- Education: University of Ibadan University College Hospital(PhD)
- Awards: L'Oréal-UNESCO Awards for Women in Science Fellow of the Nigerian Academy of Science
- Scientific career
- Fields: Haematology Molecular genetics Bioethics
- Workplaces: University of Ibadan
- Thesis: Alpha Thalassaemia in Nigerians (1986)
- Doctoral advisor: George Joseph Folayan Esan

= Adeyinka Gladys Falusi =

Nigerian parasitologist

Adeyinka Gladys Falusi, FAS NPOM, is a Nigerian Professor of haematology and former Director of the Institute for Advanced Medical Research and Training, College of Medicine, University of Ibadan.

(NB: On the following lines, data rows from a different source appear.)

lemma optimality_system_rhs_diff_le:
  fixes \<beta> :: "real \<Rightarrow> real"
  assumes os: "optimality_system \<beta> \<gamma> b c u1max u2max i0 T s r ls lr u1 u2"
    and os': "optimality_system \<beta> \<gamma> b c u1max u2max i0 T s' r' ls' lr' u1' u2'"
    and b: "0 < b" and c: "0 < c" and \<gamma>: "0 \<le> \<gamma>" and U: "0 \<le> u1max" "0 \<le> u2max"
    and \<beta>: "\<beta> \<tau> \<in> {0..B}" and \<tau>: "\<tau> \<in> {0..T}" and l: "\<bar>ls \<tau>\<bar> \<le> 2" and l': "\<bar>ls' \<tau>\<bar> \<le> 2"
    and ds: "\<bar>s \<tau> - s' \<tau>\<bar> \<le> \<delta>" and dr: "\<bar>r \<tau> - r' \<tau>\<bar> \<le> \<delta>"
    and dl: "\<bar>ls \<tau> - ls' \<tau>\<bar> \<le> \<delta>" and dm: "\<bar>lr \<tau> - lr' \<tau>\<bar> \<le> \<delta>"
  defines "L \<equiv> (8 * (B + u1max + u2max + 1) + 2 * \<gamma>) * (1 + 3 / (2 * b) + 6 / c)"
  shows "\<bar>s_rhs \<beta> \<tau> (s \<tau>) (r \<tau>) (u1 \<tau>) (u2 \<tau>)
          - s_rhs \<beta> \<tau> (s' \<tau>) (r' \<tau>) (u1' \<tau>) (u2' \<tau>)\<bar> \<le> L * \<delta>"
    and "\<bar>r_rhs \<gamma> (s \<tau>) (r \<tau>) - r_rhs \<gamma> (s' \<tau>) (r' \<tau>)\<bar> \<le> L * \<delta>"
    and "\<bar>ls_rhs \<beta> \<gamma> \<tau> (s \<tau>) (r \<tau>) (ls \<tau>) (lr \<tau>) (u1 \<tau>) (u2 \<tau>)
          - ls_rhs \<beta> \<gamma> \<tau> (s' \<tau>) (r' \<tau>) (ls' \<tau>) (lr' \<tau>) (u1' \<tau>) (u2' \<tau>)\<bar> \<le> L * \<delta>"
    and "\<bar>lr_rhs \<beta> \<gamma> \<tau> (s \<tau>) (ls \<tau>) (lr \<tau>) (u2 \<tau>)
          - lr_rhs \<beta> \<gamma> \<tau> (s' \<tau>) (ls' \<tau>) (lr' \<tau>) (u2' \<tau>)\<bar> \<le> L * \<delta>"
proof -
  define \<kappa> where "\<kappa> = 1 + 3 / (2 * b) + 6 / c"
  define \<Lambda> where "\<Lambda> = 8 * (B + u1max + u2max + 1) + 2 * \<gamma>"
  note bounds = optimality_system_bounds[OF os U \<tau>]
  note bounds' = optimality_system_bounds[OF os' U \<tau>]
  have \<delta>: "0 \<le> \<delta>"
    using ds by (meson abs_ge_zero order_trans)
  have B: "0 \<le> B"
    using \<beta> by simp
  have \<kappa>\<delta>: "\<delta> \<le> \<kappa> * \<delta>"
    using \<delta> b c unfolding \<kappa>_def by (simp add: algebra_simps)
  have "\<bar>u1 \<tau> - u1' \<tau>\<bar> \<le> 3 / (2 * b) * \<delta>" "\<bar>u2 \<tau> - u2' \<tau>\<bar> \<le> 6 / c * \<delta>"
    unfolding optimality_system_controls[OF os \<tau>] optimality_system_controls[OF os' \<tau>]
    using control_laws_lipschitz[OF bounds(1,2) bounds'(1,2) l l' b c ds dr dl] by blast+
  moreover have "3 / (2 * b) * \<delta> \<le> \<kappa> * \<delta>" "6 / c * \<delta> \<le> \<kappa> * \<delta>"
    using \<delta> b c unfolding \<kappa>_def by (intro mult_right_mono; simp)+
  ultimately have du: "\<bar>u1 \<tau> - u1' \<tau>\<bar> \<le> \<kappa> * \<delta>" and dv: "\<bar>u2 \<tau> - u2' \<tau>\<bar> \<le> \<kappa> * \<delta>"
    by linarith+
  have ds': "\<bar>s \<tau> - s' \<tau>\<bar> \<le> \<kappa> * \<delta>" and dr': "\<bar>r \<tau> - r' \<tau>\<bar> \<le> \<kappa> * \<delta>"
    and dl': "\<bar>ls \<tau> - ls' \<tau>\<bar> \<le> \<kappa> * \<delta>" and dm': "\<bar>lr \<tau> - lr' \<tau>\<bar> \<le> \<kappa> * \<delta>"
    using ds dr dl dm \<kappa>\<delta> by linarith+
  have L: "L * \<delta> = \<Lambda> * (\<kappa> * \<delta>)"
    unfolding L_def \<Lambda>_def \<kappa>_def by simp
  have le_L: "x \<le> L * \<delta>" if "x \<le> C * (\<kappa> * \<delta>)" and "C \<le> \<Lambda>" for x C
  proof -
    have "C * (\<kappa> * \<delta>) \<le> \<Lambda> * (\<kappa> * \<delta>)"
      using that(2) \<delta> b c by (intro mult_right_mono) (auto simp: \<kappa>_def)
    then show ?thesis
      unfolding L using that(1) by linarith
  qed
  show "\<bar>s_rhs \<beta> \<tau> (s \<tau>) (r \<tau>) (u1 \<tau>) (u2 \<tau>)
          - s_rhs \<beta> \<tau> (s' \<tau>) (r' \<tau>) (u1' \<tau>) (u2' \<tau>)\<bar> \<le> L * \<delta>"
    using s_rhs_lipschitz[where \<beta>=\<beta> and t=\<tau>,
        OF \<beta> bounds(1) bounds'(1,2) bounds(3,4) ds' dr' du dv]
    by (rule le_L) (use B U \<gamma> in \<open>simp add: \<Lambda>_def\<close>)
  show "\<bar>r_rhs \<gamma> (s \<tau>) (r \<tau>) - r_rhs \<gamma> (s' \<tau>) (r' \<tau>)\<bar> \<le> L * \<delta>"
    using r_rhs_lipschitz[OF \<gamma> ds' dr']
    by (rule le_L) (use B U \<gamma> in \<open>simp add: \<Lambda>_def\<close>)
  show "\<bar>ls_rhs \<beta> \<gamma> \<tau> (s \<tau>) (r \<tau>) (ls \<tau>) (lr \<tau>) (u1 \<tau>) (u2 \<tau>)
          - ls_rhs \<beta> \<gamma> \<tau> (s' \<tau>) (r' \<tau>) (ls' \<tau>) (lr' \<tau>) (u1' \<tau>) (u2' \<tau>)\<bar> \<le> L * \<delta>"
    using ls_rhs_lipschitz[where \<beta>=\<beta> and t=\<tau>,
        OF \<gamma> \<beta> bounds'(1,2,3) bounds(4) bounds'(4) l ds' dr' dl' dm' du dv]
    by (rule le_L) (use B U \<gamma> in \<open>simp add: \<Lambda>_def\<close>)
  show "\<bar>lr_rhs \<beta> \<gamma> \<tau> (s \<tau>) (ls \<tau>) (lr \<tau>) (u2 \<tau>)
          - lr_rhs \<beta> \<gamma> \<tau> (s' \<tau>) (ls' \<tau>) (lr' \<tau>) (u2' \<tau>)\<bar> \<le> L * \<delta>"
    using lr_rhs_lipschitz[where \<beta>=\<beta> and t=\<tau>,
        OF \<gamma> \<beta> bounds(1) bounds'(1) bounds'(4) l ds' dl' dm' dv]
    by (rule le_L) (use B U \<gamma> in \<open>simp add: \<Lambda>_def\<close>)
qed

lemma optimality_system_diff_le:
  fixes \<beta> :: "real \<Rightarrow> real"
  assumes os: "optimality_system \<beta> \<gamma> b c u1max u2max i0 T s r ls lr u1 u2"
    and os': "optimality_system \<beta> \<gamma> b c u1max u2max i0 T s' r' ls' lr' u1' u2'"
    and b: "0 < b" and c: "0 < c" and \<gamma>: "0 \<le> \<gamma>" and U: "0 \<le> u1max" "0 \<le> u2max"
    and \<beta>: "\<And>\<tau>. \<beta> \<tau> \<in> {0..B}"
    and l: "\<And>\<tau>. \<tau> \<in> {0..T} \<Longrightarrow> \<bar>ls \<tau>\<bar> \<le> 2" and l': "\<And>\<tau>. \<tau> \<in> {0..T} \<Longrightarrow> \<bar>ls' \<tau>\<bar> \<le> 2"
    and diff: "\<And>\<tau>. \<tau> \<in> {0..T} \<Longrightarrow> \<bar>s \<tau> - s' \<tau>\<bar> \<le> \<delta> \<and> \<bar>r \<tau> - r' \<tau>\<bar> \<le> \<delta>
                                  \<and> \<bar>ls \<tau> - ls' \<tau>\<bar> \<le> \<delta> \<and> \<bar>lr \<tau> - lr' \<tau>\<bar> \<le> \<delta>"
    and t: "t \<in> {0..T}"
  defines "L \<equiv> (8 * (B + u1max + u2max + 1) + 2 * \<gamma>) * (1 + 3 / (2 * b) + 6 / c)"
  shows "\<bar>s t - s' t\<bar> \<le> L * \<delta> * T \<and> \<bar>r t - r' t\<bar> \<le> L * \<delta> * T
         \<and> \<bar>ls t - ls' t\<bar> \<le> L * \<delta> * T \<and> \<bar>lr t - lr' t\<bar> \<le> L * \<delta> * T"
proof -
  define fs where "fs \<tau> = s_rhs \<beta> \<tau> (s \<tau>) (r \<tau>) (u1 \<tau>) (u2 \<tau>)" for \<tau>
  define fr where "fr \<tau> = r_rhs \<gamma> (s \<tau>) (r \<tau>)" for \<tau>
  define fl where "fl \<tau> = ls_rhs \<beta> \<gamma> \<tau> (s \<tau>) (r \<tau>) (ls \<tau>) (lr \<tau>) (u1 \<tau>) (u2 \<tau>)" for \<tau>
  define fm where "fm \<tau> = lr_rhs \<beta> \<gamma> \<tau> (s \<tau>) (ls \<tau>) (lr \<tau>) (u2 \<tau>)" for \<tau>
  define fs' where "fs' \<tau> = s_rhs \<beta> \<tau> (s' \<tau>) (r' \<tau>) (u1' \<tau>) (u2' \<tau>)" for \<tau>
  define fr' where "fr' \<tau> = r_rhs \<gamma> (s' \<tau>) (r' \<tau>)" for \<tau>
  define fl' where "fl' \<tau> = ls_rhs \<beta> \<gamma> \<tau> (s' \<tau>) (r' \<tau>) (ls' \<tau>) (lr' \<tau>) (u1' \<tau>) (u2' \<tau>)" for \<tau>
  define fm' where "fm' \<tau> = lr_rhs \<beta> \<gamma> \<tau> (s' \<tau>) (ls' \<tau>) (lr' \<tau>) (u2' \<tau>)" for \<tau>
  note defs = fs_def fr_def fl_def fm_def fs'_def fr'_def fl'_def fm'_def
  have int: "set_integrable lborel {0..T} fs" "set_integrable lborel {0..T} fs'"
    "set_integrable lborel {0..T} fr" "set_integrable lborel {0..T} fr'"
    "set_integrable lborel {0..T} fl" "set_integrable lborel {0..T} fl'"
    "set_integrable lborel {0..T} fm" "set_integrable lborel {0..T} fm'"
    using os os' unfolding optimality_system_def defs by blast+
  have rhs: "\<bar>fs \<tau> - fs' \<tau>\<bar> \<le> L * \<delta>" "\<bar>fr \<tau> - fr' \<tau>\<bar> \<le> L * \<delta>"
    "\<bar>fl \<tau> - fl' \<tau>\<bar> \<le> L * \<delta>" "\<bar>fm \<tau> - fm' \<tau>\<bar> \<le> L * \<delta>" if \<tau>: "\<tau> \<in> {0..T}" for \<tau>
    using optimality_system_rhs_diff_le[OF os os' b c \<gamma> U \<beta> \<tau> l[OF \<tau>] l'[OF \<tau>]] diff[OF \<tau>]
    unfolding defs L_def by blast+
  have "\<bar>s t - s' t\<bar> = \<bar>(LBINT \<tau>=0..t. fs \<tau>) - (LBINT \<tau>=0..t. fs' \<tau>)\<bar>"
    "\<bar>r t - r' t\<bar> = \<bar>(LBINT \<tau>=0..t. fr \<tau>) - (LBINT \<tau>=0..t. fr' \<tau>)\<bar>"
    "\<bar>ls t - ls' t\<bar> = \<bar>(LBINT \<tau>=t..T. fl \<tau>) - (LBINT \<tau>=t..T. fl' \<tau>)\<bar>"
    "\<bar>lr t - lr' t\<bar> = \<bar>(LBINT \<tau>=t..T. fm \<tau>) - (LBINT \<tau>=t..T. fm' \<tau>)\<bar>"
    using os os' t unfolding optimality_system_def defs by (auto simp: abs_minus_commute)
  moreover have "\<bar>(LBINT \<tau>=0..t. fs \<tau>) - (LBINT \<tau>=0..t. fs' \<tau>)\<bar> \<le> L * \<delta> * (T - 0)"
    "\<bar>(LBINT \<tau>=0..t. fr \<tau>) - (LBINT \<tau>=0..t. fr' \<tau>)\<bar> \<le> L * \<delta> * (T - 0)"
    using abs_interval_integral_diff_le[OF int(1,2), of "L * \<delta>" 0 t]
      abs_interval_integral_diff_le[OF int(3,4), of "L * \<delta>" 0 t]
      rhs t by (simp_all add: zero_ereal_def)
  moreover have "\<bar>(LBINT \<tau>=t..T. fl \<tau>) - (LBINT \<tau>=t..T. fl' \<tau>)\<bar> \<le> L * \<delta> * (T - 0)"
    "\<bar>(LBINT \<tau>=t..T. fm \<tau>) - (LBINT \<tau>=t..T. fm' \<tau>)\<bar> \<le> L * \<delta> * (T - 0)"
    using abs_interval_integral_diff_le[OF int(5,6), of "L * \<delta>" t T]
      abs_interval_integral_diff_le[OF int(7,8), of "L * \<delta>" t T]
      rhs t by simp_all
  ultimately show ?thesis
    by simp
qed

She specializes in human genetics, bioethics and molecular genetics related to hereditary blood diseases such as sickle-cell disease and alpha-thalassemia.

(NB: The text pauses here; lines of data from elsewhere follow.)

lemma LieT_diff: "f \<in> LieT \<Longrightarrow> g \<in> LieT \<Longrightarrow> f - g \<in> LieT"
  using LieT_add[OF _ LieT_smult, of f g "-1"] by (simp add: smult_minus_one)

lemma LieT_iff_LieT_deg: "f \<in> LieT \<longleftrightarrow> (\<exists>n. LieT_deg n f)"
proof
  show "f \<in> LieT \<Longrightarrow> \<exists>n. LieT_deg n f"
  proof (induction rule: LieT.induct)
    case (add f g)
    then obtain m n where "LieT_deg m f" "LieT_deg n g"
      by blast
    then have "LieT_deg (m + n) (f + g)"
      by (meson LieT_deg.add LieT_deg.mono le_add1 le_add2)
    then show ?case
      unfolding plus_fun_def by blast
  next
    case zero
    show ?case
      using LieT_deg.zero unfolding zero_fun_def by blast
  next
    case (smult f a)
    then show ?case
      using LieT_deg.smult unfolding smult_def by blast
  qed (blast intro: LieT_deg.intros)+
  have "LieT_deg n f \<Longrightarrow> f \<in> LieT" for n
    by (induction rule: LieT_deg.induct) (auto intro: LieT.gen LieT.brk LieT_add LieT_smult LieT_zero)
  then show "\<exists>n. LieT_deg n f \<Longrightarrow> f \<in> LieT"
    by blast
qed

lemma LieT_deg_fin_supp: "LieT_deg n f \<Longrightarrow> fin_supp f"
  by (induction rule: LieT_deg.induct) auto

lemma LieT_fin_supp: "X \<in> LieT \<Longrightarrow> fin_supp X"
  using LieT_iff_LieT_deg LieT_deg_fin_supp by blast

lemma LieT_deg_0: "LieT_deg n f \<Longrightarrow> n = 0 \<Longrightarrow> f = 0"
  by (induction rule: LieT_deg.induct) (auto simp: bracket_eq)

lemma LieT_deg_diff: "LieT_deg n f \<Longrightarrow> LieT_deg n g \<Longrightarrow> LieT_deg n (f - g)"
  using LieT_deg.add[OF _ LieT_deg.smult, of n f g "-1"] by (simp add: smult_minus_one)

lemma LieT_deg_ofList_trees: "LieT_deg (Suc 0) (ofList (map (\<lambda>t. [t]) ts))"
  by (induction ts) (auto simp: ofList_Cons intro: LieT_deg.intros)

definition acts_by_derivation :: "('c, 'k::field) U \<Rightarrow> bool" where
  "acts_by_derivation X \<longleftrightarrow> (\<forall>f g. fin_supp f \<longrightarrow> fin_supp g \<longrightarrow>
      actU X (mult f g) = mult (actU X f) g + mult f (actU X g))"

definition acts_compatibly :: "('c, 'k::field) U \<Rightarrow> bool" where
  "acts_compatibly X \<longleftrightarrow> (\<forall>W y. fin_supp W \<longrightarrow> fin_supp y \<longrightarrow>
      actU (mult X W) y = actU X (actU W y) - actU (actU X W) y)"
lemma convergent_iterates:
  assumes "matrix_norm nm" "nm (mat 1 - B ** matrix_inv (diag_part B)) < 1"
    and "nm x2_residual_matrix < 1"
  shows "convergent (\<lambda>k. vjoin (x1 k) (x2 k))" "residual \<longlonglongrightarrow> 0"
proof -
  have "nm ((mat 1 - B ** matrix_inv (diag_part B)) ** x2_residual_matrix) < 1"
    using assms by (rule matrix_norm_mult_lt_1)
  moreover have "bounded_linear (\<lambda>r. vjoin ((matrix_inv (diag_part B) ** x2_residual_matrix) *v r)
                                          (x2_gain *v r))"
    by (intro bounded_linear_vjoin matrix_vector_mul_linear)
  ultimately show "convergent (\<lambda>k. vjoin (x1 k) (x2 k))" "residual \<longlonglongrightarrow> 0"
    using convergent_of_residual_contraction[OF assms(1),
        where r=residual and y="\<lambda>k. vjoin (x1 k) (x2 k)"] residual_Suc vjoin_Suc_diff
    by simp_all
qed

end
(* Let $H$ be an undirected graph and let $I$ be an induced minor of $H$. Then $\mathrm{dtd}(I)\le\mathrm{dtd}(H)$.
   Context: A graph $I$ is an induced minor of $H$ if it can be obtained from $H$ by deleting vertices and contracting edges. For a DAG $\vec H$, a source is a vertex of in-degree $0$. A DAG elimination forest of a DAG $\vec H$ is defined recursively: if $\vec H$ is empty, it is the empty forest; if the underlying undirected graph of $\vec H$ is disconnected, it is the union of DAG elimination forests (trees) of its connected components; if the underlying graph is connected and $\vec H$ has exactly one source $s$, it is the single-node tree $s$; otherwise (connected, at least two sources) it is a tree whose root is an arbitrarily chosen source $s$ of $\vec H$ and whose subtrees are the trees of a DAG elimination forest of the DAG obtained from $\vec H$ by deleting $s$ and all vertices reachable from $s$. The depth of a rooted forest is the maximum number of nodes on a root-to-leaf path. $\mathrm{dtd}(\vec H)$ is the minimum depth of a DAG elimination forest of $\vec H$; for an undirected graph $H$, $\mathrm{dtd}(H)$ is the maximum of $\mathrm{dtd}(\vec H)$ over all acyclic orientations $\vec H$ of $H$. *)

theory Defs
  imports Main
begin

definition ugraph :: "'a set \<Rightarrow> 'a set set \<Rightarrow> bool" where
  "ugraph V E \<longleftrightarrow> finite V \<and> E \<subseteq> {{u, v} | u v. u \<in> V \<and> v \<in> V \<and> u \<noteq> v}"

definition delete_vertex :: "'a \<Rightarrow> 'a set \<times> 'a set set \<Rightarrow> 'a set \<times> 'a set set" where
  "delete_vertex x G = (fst G - {x}, {e \<in> snd G. x \<notin> e})"

text \<open>Contract the edge {u,v}; the merged vertex keeps the name u.\<close>
definition contract_edge :: "'a \<Rightarrow> 'a \<Rightarrow> 'a set \<times> 'a set set \<Rightarrow> 'a set \<times> 'a set set" where
  "contract_edge u v G = (fst G - {v},
     {e \<in> snd G. v \<notin> e} \<union> {{u, w} | w. {v, w} \<in> snd G \<and> w \<noteq> u})"

inductive obtainable :: "'a set \<times> 'a set set \<Rightarrow> 'a set \<times> 'a set set \<Rightarrow> bool" where
  refl: "obtainable G G"
| del: "obtainable G G' \<Longrightarrow> x \<in> fst G' \<Longrightarrow> obtainable G (delete_vertex x G')"
| con: "obtainable G G' \<Longrightarrow> {u, v} \<in> snd G' \<Longrightarrow> u \<noteq> v \<Longrightarrow> obtainable G (contract_edge u v G')"

definition graph_iso :: "'b set \<Rightarrow> 'b set set \<Rightarrow> 'a set \<Rightarrow> 'a set set \<Rightarrow> bool" where
  "graph_iso V1 E1 V2 E2 \<longleftrightarrow> (\<exists>f. bij_betw f V1 V2 \<and>
     (\<forall>x\<in>V1. \<forall>y\<in>V1. {x, y} \<in> E1 \<longleftrightarrow> {f x, f y} \<in> E2))"

definition induced_minor :: "'b set \<Rightarrow> 'b set set \<Rightarrow> 'a set \<Rightarrow> 'a set set \<Rightarrow> bool" where
  "induced_minor VI EI VH EH \<longleftrightarrow>
     (\<exists>G'. obtainable (VH, EH) G' \<and> graph_iso VI EI (fst G') (snd G'))"

definition acyclic_orientation :: "'a set \<Rightarrow> 'a set set \<Rightarrow> ('a \<times> 'a) set \<Rightarrow> bool" where
  "acyclic_orientation V E A \<longleftrightarrow>
     A \<subseteq> {(u, v). {u, v} \<in> E} \<and>
     (\<forall>u v. {u, v} \<in> E \<longrightarrow> u \<noteq> v \<longrightarrow> ((u, v) \<in> A \<longleftrightarrow> (v, u) \<notin> A)) \<and>
     acyclic A"

definition restrict_arcs :: "'a set \<Rightarrow> ('a \<times> 'a) set \<Rightarrow> ('a \<times> 'a) set" where
  "restrict_arcs X A = A \<inter> (X \<times> X)"

definition is_source :: "'a set \<Rightarrow> ('a \<times> 'a) set \<Rightarrow> 'a \<Rightarrow> bool" where
  "is_source V A s \<longleftrightarrow> s \<in> V \<and> (\<forall>u. (u, s) \<notin> restrict_arcs V A)"

definition reach :: "'a set \<Rightarrow> ('a \<times> 'a) set \<Rightarrow> 'a \<Rightarrow> 'a set" where
  "reach V A s = {v \<in> V. (s, v) \<in> (restrict_arcs V A)\<^sup>*}"

definition component :: "'a set \<Rightarrow> ('a \<times> 'a) set \<Rightarrow> 'a \<Rightarrow> 'a set" where
  "component V A v = {w \<in> V. (v, w) \<in> (restrict_arcs V A \<union> (restrict_arcs V A)\<inverse>)\<^sup>*}"

definition components :: "'a set \<Rightarrow> ('a \<times> 'a) set \<Rightarrow> 'a set set" where
  "components V A = component V A ` V"

definition uconnected :: "'a set \<Rightarrow> ('a \<times> 'a) set \<Rightarrow> bool" where
  "uconnected V A \<longleftrightarrow> V \<noteq> {} \<and> (\<forall>v\<in>V. component V A v = V)"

== Early life and education ==
She hails from Ekiti State, southwestern Nigeria. she was brought up in Efon Alaaye in Ekiti State, Nigeria. Prof. Falusi was inspired to study science by an older girl (Grace Oladunni Olaniyan, now Prof. Taylor) who lived in their neighbourhood. She studied Chemistry at the University of Ibadan (UI). She proceeded to move from Chemistry to Haematology (blood study) at the College of Medicine, University College Hospital, Ibadan where she received her M.Phil in 1981 and PhD in 1986.

== Career ==
Professor Falusi conducts research on the genetics of Sickle Cell Disease. She is currently focused on awareness and education of the public on sickle cell disease. She is a co-founder of Sickle Cell Association of Nigeria (SCAN), as well as the founder and trustee of the Sickle Cell Hope Alive Foundation.

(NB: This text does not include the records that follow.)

lemma L2_components:
  "L2 L \<phi>" "L2 L \<phi>x" "L2 L \<psi>" "L2 L \<psi>x" "L2 L w" "L2 L wx" "L2 L \<Phi>" "L2 L \<Psi>" "L2 L W"
  "L2 L f1x" "L2 L f2x" "L2 L f3x" "L2 L f4" "L2 L f5" "L2 L f6"
  using weak_derivs f4 f5 f6 by (auto intro: has_weak_deriv_L2 has_weak_deriv_L2_deriv sqint_imp_L2)

lemma q_weak_deriv: "has_weak_deriv L (\<lambda>x. of_real (q x)) (\<lambda>x. of_real (dq x))"
  by (rule H1_real_imp_has_weak_deriv[OF q])

lemma q_bound: "x \<in> {0..L} \<Longrightarrow> norm (complex_of_real (q x)) \<le> \<bar>q 0\<bar> + (\<integral>t. \<bar>dq t\<bar> \<partial>leb L)"
  using norm_le_weak_deriv_bound[OF q_weak_deriv] by simp

lemma integrable_q_mult:
  "L2 L g \<Longrightarrow> L2 L h \<Longrightarrow> integrable (leb L) (\<lambda>x. of_real (q x) * g x * h x)"
  using integrable_L2_mult[OF L2_mult_bounded[OF _ has_weak_deriv_measurable[OF q_weak_deriv] q_bound]]
  by auto

lemma integrable_q_mult_diff:
  assumes "L2 L g1" "L2 L h1" "L2 L g2" "L2 L h2"
  shows "integrable (leb L) (\<lambda>x. of_real (q x) * (g1 x * h1 x - c * (g2 x * h2 x)))"
proof -
  have "(\<lambda>x. of_real (q x) * (g1 x * h1 x - c * (g2 x * h2 x)))
      = (\<lambda>x. of_real (q x) * g1 x * h1 x - c * (of_real (q x) * g2 x * h2 x))"
    by (auto simp: algebra_simps)
  then show ?thesis using integrable_q_mult[OF assms(1,2)] integrable_q_mult[OF assms(3,4)] by simp
qed

lemma phi_identity:
  "integral {0..L} (\<lambda>x. dq x * dens \<rho>\<^sub>1 \<kappa> \<Phi> \<phi>x x)
     - (bracket L (\<lambda>x. q x * dens \<rho>\<^sub>1 \<kappa> \<Phi> \<phi>x x)
        - bracket L (\<lambda>x. k\<^sub>0 * l^2 * q x * (cmod (\<phi> x))^2)
        + 2 * \<kappa> * Re (integral {0..L} (\<lambda>x. of_real (q x) * \<psi>x x * cnj (\<phi>x x)))
        + k\<^sub>0 * l^2 * integral {0..L} (\<lambda>x. dq x * (cmod (\<phi> x))^2)
        + 2 * (\<kappa> + k\<^sub>0) * l * Re (integral {0..L} (\<lambda>x. of_real (q x) * wx x * cnj (\<phi>x x))))
   = 2 * \<rho>\<^sub>1 * Re (integral {0..L} (\<lambda>x. of_real (q x) * (\<Phi> x * cnj (f1x x) + f4 x * cnj (\<phi>x x))))"
proof -
  define G where "G = (\<lambda>x. - of_real \<kappa> * (\<psi>x x + of_real l * wx x) - of_real k\<^sub>0 * of_real l * (wx x - of_real l * \<phi> x))"
  have G: "L2 L G" unfolding G_def by (intro L2_diff L2_cmult L2_add L2_components)
  have eq: "AE x in leb L. \<i> * of_real lam * of_real \<rho>\<^sub>1 * \<Phi> x - of_real \<kappa> * \<phi>xx x + G x = of_real \<rho>\<^sub>1 * f4 x"
    using eq4 by eventually_elim (simp add: G_def algebra_simps)
  have "Re (integral {0..L} (\<lambda>x. of_real (q x) * (G x * cnj (\<phi>x x) - of_real (k\<^sub>0 * l^2) * (\<phi>x x * cnj (\<phi> x)))))
      = - \<kappa> * Re (integral {0..L} (\<lambda>x. of_real (q x) * \<psi>x x * cnj (\<phi>x x)))
        + - ((\<kappa> + k\<^sub>0) * l) * Re (integral {0..L} (\<lambda>x. of_real (q x) * wx x * cnj (\<phi>x x)))"
  proof (rule Re_integral_eq_lincomb)
    show "integrable (leb L) (\<lambda>x. of_real (q x) * (G x * cnj (\<phi>x x) - of_real (k\<^sub>0 * l^2) * (\<phi>x x * cnj (\<phi> x))))"
      by (intro integrable_q_mult_diff G L2_cnj L2_components)
  qed (intro integrable_q_mult L2_cnj L2_components | simp add: G_def algebra_simps power2_eq_square)+
  then show ?thesis
    using multiplier_identity[OF less_imp_le[OF pos(1)] q_weak_deriv weak_derivs(1,2,7,10) eq1 L2_components(13) G eq, of "k\<^sub>0 * l^2"]
    by (simp add: algebra_simps)
qed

In 2001, she was appointed the Chairperson of the University of Ibadan and University College Hospital Institutional Review Committee where the first well-organized and functional Institutional Ethics Committee in Nigeria was established in the University of Ibadan under her leadership. In 2005, she became the coordinator for Nigeria Networking for Ethics of Biomedical Research in Africa.

== Honors and awards ==
Professor Falusi won the L'Oréal-UNESCO Awards for Women in Science in 2001 for her research in hereditary blood diseases. She served in that capacity for 4 years.

In 2005, she was bestowed with the National Productivity Order of Merit Fellowship. In 2009, she was elected as fellow of the Nigerian Academy of Science, the apex scientific organization in Nigeria. In 2013, she received the Ekiti State Merit Award and was decorated by Kayode Fayemi, the governor of Ekiti State. She was given the Access to Basic Care (ABC) Distinguished Personality Award for promoting the welfare of sickle cell patients globally and beyond the call of duty in 2014.

== Publications ==
She co-authored over 60 journal articles and book chapters, and over 80 conference articles and proceedings. She has researched and published in the genetics of some non-communicable diseases such as breast cancers, asthma, malaria and specifically the haemoglobinopathies of sickle cell disease and the thalassaemias and other genetic modifiers. Besides publications in sickle cell research, she also co-authored journal article and book chapter on ethics and research conduct.

== Family ==
She is married to Professor Abiodun Falusi, a Professor of Agricultural Economics with five children.